Memcpy#

Configuring the kernel#

template<unsigned int NonBlevBlockSize, unsigned int NonBlevItemsPerThread, unsigned int TlevItemsPerThread, unsigned int BlevBlockSize, unsigned int BlevItemsPerThread, unsigned int WlevSizeThreshold, unsigned int BlevSizeThreshold, unsigned int SizeLimit = std::numeric_limits<unsigned int>::max()>
struct batch_memcpy_config : public rocprim::detail::batch_memcpy_config_params#

Configuration of device-level batch memcopy primitives.

Template Parameters:
  • BlockSize – - number of threads in a block.

  • ItemsPerThread – - number of items processed by each thread.

  • BlockLoadMethod – - method for loading input values.

  • BlockStoreMethod – - method for storing values.

  • SizeLimit – - limit on the number of items for a single adjacent difference kernel launch.

Subclassed by rocprim::batch_copy_config< 256, 2, 8, 128, 32, 128, 1024 >, rocprim::detail::default_batch_copy_config< arch, value_type, enable >, rocprim::detail::default_batch_memcpy_config< arch, value_type, enable >

batch_memcpy#

template<class Config_ = default_config, class InputBufferItType, class OutputBufferItType, class BufferSizeItType>
static inline hipError_t rocprim::batch_memcpy(void *temporary_storage, size_t &storage_size, InputBufferItType sources, OutputBufferItType destinations, BufferSizeItType sizes, uint32_t num_copies, hipStream_t stream = hipStreamDefault, bool debug_synchronous = false)#

Copy sizes[i] bytes from sources[i] to destinations[i] for all i in the range [0, num_copies].

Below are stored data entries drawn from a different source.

(* Let $n\ge 1$, let $b\in B_n\cong\mathrm{MCG}(D^2\setminus\{p_1,\dots,p_n\},\partial D^2)$, and let $\tau\in\mathrm{MCG}(D^2\setminus\{p_1,\dots,p_n\})$ be an orientation-reversing involution (i.e. $\tau$ reverses orientation and $\tau^2=\mathrm{Id}$). Set $b^*=\tau b\tau$. Then the closure of the braid $bb^*$ is a knot (i.e. has exactly one component) if and only if $n$ is odd and $\pi(b\tau)$ is an $n$-cycle, where $\pi$ denotes the canonical map to the symmetric group $S_n$ recording the induced permutation of the punctures $p_1,\dots,p_n$.
   Context: Braids are viewed as mapping classes of the $n$-punctured disc relative to the boundary; the mapping class group $\mathrm{MCG}(D^2\setminus\{p_1,\dots,p_n\})$ (not relative to the boundary) acts on $B_n$ by conjugation, which is how $b^*=\tau b\tau$ is regarded as a braid. *)

theory Defs
  imports "HOL-Complex_Analysis.Complex_Analysis"
begin

text \<open>Model: the disc D^2 is the closed unit disc in the complex plane, the punctures
form a finite set P of interior points. Mapping classes are represented by homeomorphisms
of the closed disc preserving P setwise (these are exactly the homeomorphisms of the
punctured disc); braids are those fixing the boundary circle pointwise.\<close>

abbreviation disc :: "complex set" where "disc \<equiv> cball 0 1"

definition is_homeo :: "(complex \<Rightarrow> complex) \<Rightarrow> bool" where
  "is_homeo f \<longleftrightarrow> (\<exists>g. homeomorphism disc disc f g)"

definition mcg_rep :: "complex set \<Rightarrow> (complex \<Rightarrow> complex) \<Rightarrow> bool" where
  "mcg_rep P f \<longleftrightarrow> is_homeo f \<and> f ` P = P"

definition braid_rep :: "complex set \<Rightarrow> (complex \<Rightarrow> complex) \<Rightarrow> bool" where
  "braid_rep P f \<longleftrightarrow> mcg_rep P f \<and> (\<forall>z\<in>sphere 0 1. f z = z)"

definition mcg_isotopic :: "complex set \<Rightarrow> (complex \<Rightarrow> complex) \<Rightarrow> (complex \<Rightarrow> complex) \<Rightarrow> bool" where
  "mcg_isotopic P f g \<longleftrightarrow>
     (\<exists>H :: real \<times> complex \<Rightarrow> complex.
        continuous_on ({0..1} \<times> disc) H \<and>
        (\<forall>t\<in>{0..1}. mcg_rep P (\<lambda>z. H (t, z))) \<and>
        (\<forall>z\<in>disc. H (0, z) = f z \<and> H (1, z) = g z))"

text \<open>Orientation reversing: the induced map on the boundary circle has degree -1.\<close>
definition orientation_reversing :: "(complex \<Rightarrow> complex) \<Rightarrow> bool" where
  "orientation_reversing h \<longleftrightarrow> winding_number (h \<circ> circlepath 0 1) 0 = -1"

text \<open>Standard embedding of disc x [0,1] (with ends glued) as a solid torus in R^3.\<close>
definition solid_torus_emb :: "complex \<Rightarrow> real \<Rightarrow> real \<times> real \<times> real" where
  "solid_torus_emb z t =
     ((2 + Re z) * cos (2 * pi * t), (2 + Re z) * sin (2 * pi * t), Im z)"

text \<open>An isotopy of the disc (ignoring punctures) from the identity to g; its traces
of the punctures form a geometric braid representing g.\<close>
definition disc_isotopy_from_id :: "(complex \<Rightarrow> complex) \<Rightarrow> (real \<times> complex \<Rightarrow> complex) \<Rightarrow> bool" where
  "disc_isotopy_from_id g H \<longleftrightarrow>
     continuous_on ({0..1} \<times> disc) H \<and>
     (\<forall>t\<in>{0..1}. is_homeo (\<lambda>z. H (t, z))) \<and>
     (\<forall>z\<in>disc. H (0, z) = z \<and> H (1, z) = g z)"

definition closed_braid :: "complex set \<Rightarrow> (real \<times> complex \<Rightarrow> complex) \<Rightarrow> (real \<times> real \<times> real) set" where
  "closed_braid P H = (\<lambda>(t, p). solid_torus_emb (H (t, p)) t) ` ({0..1} \<times> P)"

definition closure_is_knot :: "complex set \<Rightarrow> (complex \<Rightarrow> complex) \<Rightarrow> bool" where
  "closure_is_knot P g \<longleftrightarrow>
     (\<forall>H. disc_isotopy_from_id g H \<longrightarrow>
        closed_braid P H \<noteq> {} \<and> connected (closed_braid P H))"

definition is_full_cycle_on :: "complex set \<Rightarrow> (complex \<Rightarrow> complex) \<Rightarrow> bool" where
  "is_full_cycle_on P \<sigma> \<longleftrightarrow>
     (\<exists>cs. distinct cs \<and> set cs = P \<and>
        (\<forall>i<length cs. \<sigma> (cs ! i) = cs ! (Suc i mod length cs)))"

end

theory Submission
  imports Defs
begin

(* The closure of a braid is connected exactly when the permutation it induces on the punctures
   is transitive: the end of the strand of a puncture p is glued to the start of the strand of its
   image, while the strands over two complementary invariant sets of punctures form disjoint
   compact pieces of the closure. The Alexander trick provides an isotopy from the identity to any
   boundary-fixing homeomorphism of the disc, so the quantification over isotopies in
   closure_is_knot is not vacuous.

   Since h o h is isotopic to the identity through maps permuting the finitely many punctures, h is
   an involution on them, so k = h^-1 agrees with h there and b b* = f h f k induces the square of
   sigma = f h. Finally, the square of a permutation sigma of n points is transitive iff sigma is an
   n-cycle and n is odd, because 2 is invertible modulo n exactly when n is odd. *)

section \<open>Permutations with a single orbit\<close>

definition transitive_on :: "'a set \<Rightarrow> ('a \<Rightarrow> 'a) \<Rightarrow> bool" where
  "transitive_on P \<sigma> \<longleftrightarrow> (\<forall>p\<in>P. \<forall>q\<in>P. \<exists>m. (\<sigma> ^^ m) p = q)"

Performs multiple device to device memory copies as a single batched operation. Roughly equivalent to

for (auto i = 0; i < num_copies; ++i) {
    char* src = sources[i];
    char* dst = destinations[i];
    auto size = sizes[i];
    hipMemcpyAsync(dst, src, size, hipMemcpyDeviceToDevice, stream);
}
except executed on the device in parallel. Note that sources and destinations do not have to be part of the same array. I.e. you can copy from both array A and B to array C and D with a single call to this function. Source ranges are allowed to overlap, however, destinations overlapping with either other destinations or with sources is not allowed, and will result in undefined behaviour.

Example

In this example multiple sections of data are copied from a to b .

#include <rocprim/rocprim.hpp

// Device allocated data:
int* a;             // e.g, [9, 1, 2, 3, 4, 5, 6, 7, 8]
int* b;             // e.g, [0, 0, 0, 0, 0, 0, 0, 0, 0]

// Batch memcpy parameters:
int   num_copies;   // Number of buffers to copy.
                     // e.g, 4.
int** sources;       // Pointer to source pointers.
                     // e.g, [&a[0], &a[4] &a[7]]
int** destinations;  // Pointer to destination pointers.
                     // e.g, [&b[5], &b[2] &b[0]]
int*  sizes;         // Size of buffers to copy.
                     // e.g., [3 * sizeof(int), 2 * sizeof(int), 2 * sizeof(int)]

// Calculate the required temporary storage.
size_t temporary_storage_size_bytes;
void* temporary_storage_ptr = nullptr;
rocprim::batch_memcpy(
    temporary_storage_ptr,
    temporary_storage_size_bytes,
    sources,
    destinations,
    sizes,
    num_buffers);

// Allocate temporary storage.
hipMalloc(&temporary_storage_ptr, temporary_storage_size_bytes);

// Copy buffers.
rocprim::batch_memcpy(
    temporary_storage_ptr,
    temporary_storage_size_bytes,
    sources,
    destinations,
    sizes,
    num_copies);

// b is now: [7, 8, 4, 5, 0, 9, 1, 2, 0]
//   3rd copy ^--^  ^--^     ^--^--^ 1st copy
//                2nd copy

Template Parameters:
  • Config – [optional] Configuration of the primitive, must be default_config or batch_memcpy_config.

  • InputBufferItType – type of iterator to source pointers.

  • OutputBufferItType – type of iterator to desetination pointers.

  • BufferSizeItType – type of iterator to sizes.

Parameters:
  • temporary_storage[in] pointer to device-accessible temporary storage. When a null pointer is passed, the required allocation size in bytes is written to storage_size and the function returns without performing the copy.

  • storage_size[inout] reference to the size in bytes of temporary_storage.

  • sources[in] iterator of source pointers.

  • destinations[in] iterator of destination pointers.

  • sizes[in] iterator of range sizes to copy.

  • num_copies[in] number of ranges to copy

  • stream[in] [optional] HIP stream object to enqueue the copy on. Default is hipStreamDefault.

  • debug_synchronous[in] [optional] If true, synchronization after every kernel launch is forced in order to check for errors. The default value is false.